What lines in the records below include the word "blast"? Return each one.

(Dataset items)
------------------------------------------------

lemma star_realisation:
  fixes x :: "'a \<Rightarrow> real"
  assumes inf: "infinite (UNIV :: 'a set)" and N: "finite N" "3 \<le> card N"
    and nonneg: "\<And>i. i \<in> N \<Longrightarrow> 0 \<le> x i" and zeros: "card {i\<in>N. x i = 0} \<le> 1"
  shows "\<exists>V E w. is_tree V E \<and> (\<forall>e\<in>E. 0 < w e) \<and> N \<subseteq> V \<and> (\<forall>i\<in>N. 0 < x i \<longrightarrow> is_leaf E i) \<and>
           (\<forall>i\<in>N. Dsub V E w (N - {i}) = sum x (N - {i}))"
proof -
  define L where "L = {i\<in>N. x i \<noteq> 0}"
  obtain c where c: "c \<notin> L" "N \<subseteq> insert c L"
    using obtain_star_centre[OF inf N(1) zeros] unfolding L_def by blast
  have "finite L" using N(1) by (simp add: L_def)
  \<comment> \<open>the edge \<open>{c, l}\<close> gets the weight \<open>x l\<close>\<close>
  define w where "w e = sum x (e \<inter> L)" for e
  have "is_tree (insert c L) (star_edges c L)" using star_tree[OF \<open>finite L\<close> c(1)] .
  moreover have "0 < w e" if e: "e \<in> star_edges c L" for e
  proof -
    obtain l where "l \<in> L" "e = {c, l}" using e by (auto simp: star_edges_def)
    then have "w e = x l" using c(1) by (auto simp: w_def Int_insert_left)
    then show ?thesis using \<open>l \<in> L\<close> nonneg by (force simp: L_def)
  qed
  moreover have "is_leaf (star_edges c L) i" if "i \<in> N" "0 < x i" for i
    using that c(1) by (intro star_leaf) (auto simp: L_def)
  moreover have "Dsub (insert c L) (star_edges c L) w (N - {i}) = sum x (N - {i})" if "i \<in> N" for i
  proof -
    have "2 \<le> card (N - {i})" using N that by (simp add: card_Diff_singleton)
    then have "Dsub (insert c L) (star_edges c L) w (N - {i}) = sum x ((N - {i}) \<inter> L)"
      unfolding w_def using c(2) nonneg \<open>finite L\<close> c(1)
      by (intro Dsub_star) (auto simp: L_def)
    also have "\<dots> = sum x (N - {i})"
      using N(1) by (intro sum.mono_neutral_left) (auto simp: L_def)
    finally show ?thesis .
  qed
  ultimately show ?thesis
    using c(2) by (intro exI[of _ "insert c L"] exI[of _ "star_edges c L"] exI[of _ w]) simp
qed

definition star_leg :: "'a set \<Rightarrow> ('a \<Rightarrow> real) \<Rightarrow> 'a \<Rightarrow> real" where
  "star_leg N d i = (\<Sum>j\<in>N. d j) / real (card N - 1) - d i"

lemma sum_star_leg:
  assumes "finite N" "2 \<le> card N" "i \<in> N"
  shows "sum (star_leg N d) (N - {i}) = d i"
proof -
  have "sum (star_leg N d) (N - {i}) =
      real (card N - 1) * ((\<Sum>j\<in>N. d j) / real (card N - 1)) - (\<Sum>j\<in>N - {i}. d j)"
    using assms by (simp add: star_leg_def sum_subtractf card_Diff_singleton)
  also have "\<dots> = d i" using assms by (simp add: sum_diff1)
  finally show ?thesis .
qed

lemma star_leg_eq:
  assumes "finite N" "2 \<le> card N" "i \<in> N"
  shows "star_leg N d i = ((\<Sum>j\<in>N - {i}. d j) - real (card N - 2) * d i) / real (card N - 1)"
proof -
  have "real (card N - 1) * star_leg N d i = (\<Sum>j\<in>N. d j) - real (card N - 1) * d i"
    using assms by (simp add: star_leg_def right_diff_distrib)
  also have "\<dots> = (\<Sum>j\<in>N - {i}. d j) - real (card N - 2) * d i"
    using assms by (simp add: sum_diff1 algebra_simps)
  finally show ?thesis using assms(2) by (simp add: eq_divide_eq mult.commute)
qed

lemma
  assumes "finite N" "2 \<le> card N" "i \<in> N"
  shows star_leg_nonneg_iff: "0 \<le> star_leg N d i \<longleftrightarrow> real (card N - 2) * d i \<le> (\<Sum>j\<in>N - {i}. d j)"
    and star_leg_eq_0_iff: "star_leg N d i = 0 \<longleftrightarrow> real (card N - 2) * d i = (\<Sum>j\<in>N - {i}. d j)"
    and star_leg_pos_iff: "0 < star_leg N d i \<longleftrightarrow> real (card N - 2) * d i < (\<Sum>j\<in>N - {i}. d j)"
  using assms(2) by (auto simp: star_leg_eq[OF assms] zero_le_divide_iff zero_less_divide_iff)

section \<open>Necessity of the inequalities\<close>

lemma sum_weight_multiplicity_le:
  fixes w :: "'e \<Rightarrow> real"
  assumes "finite K" "finite F" "\<And>k. k \<in> K \<Longrightarrow> finite (A k)"
    and "\<And>k e. k \<in> K \<Longrightarrow> e \<in> A k \<Longrightarrow> 0 \<le> w e"
  shows "(\<Sum>e\<in>F. w e * real (card {k\<in>K. e \<in> A k})) \<le> (\<Sum>k\<in>K. sum w (A k))"
proof -
  have "(\<Sum>e\<in>F. w e * real (card {k\<in>K. e \<in> A k})) = (\<Sum>e\<in>F. \<Sum>k\<in>K. if e \<in> A k then w e else 0)"
    using assms(1) by (simp add: sum.inter_filter[symmetric] mult.commute)
  also have "\<dots> = (\<Sum>k\<in>K. \<Sum>e\<in>F. if e \<in> A k then w e else 0)"
    by (rule sum.swap)
  also have "\<dots> = (\<Sum>k\<in>K. sum w {e\<in>F. e \<in> A k})"
    using assms(2) by (simp add: sum.inter_filter)
  also have "\<dots> \<le> (\<Sum>k\<in>K. sum w (A k))"
    using assms by (intro sum_mono sum_mono2) auto
  finally show ?thesis .
qed

lemma obtain_third_element:
  assumes "finite N" "3 \<le> card N"
  obtains m where "m \<in> N" "m \<noteq> i" "m \<noteq> j"
proof -
  have "card N - card {i, j} \<le> card (N - {i, j})" by (rule diff_card_le_card_Diff) simp
  moreover have "card {i, j} \<le> 2" by (simp add: card_insert_le_m1)
  ultimately have "N - {i, j} \<noteq> {}" using assms(2) by fastforce
  then show ?thesis using that by blast
qed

------------------------------------------------

> **ANSWER BOX**
    using obtain_star_centre[OF inf N(1) zeros] unfolding L_def by blast
  then show ?thesis using that by blast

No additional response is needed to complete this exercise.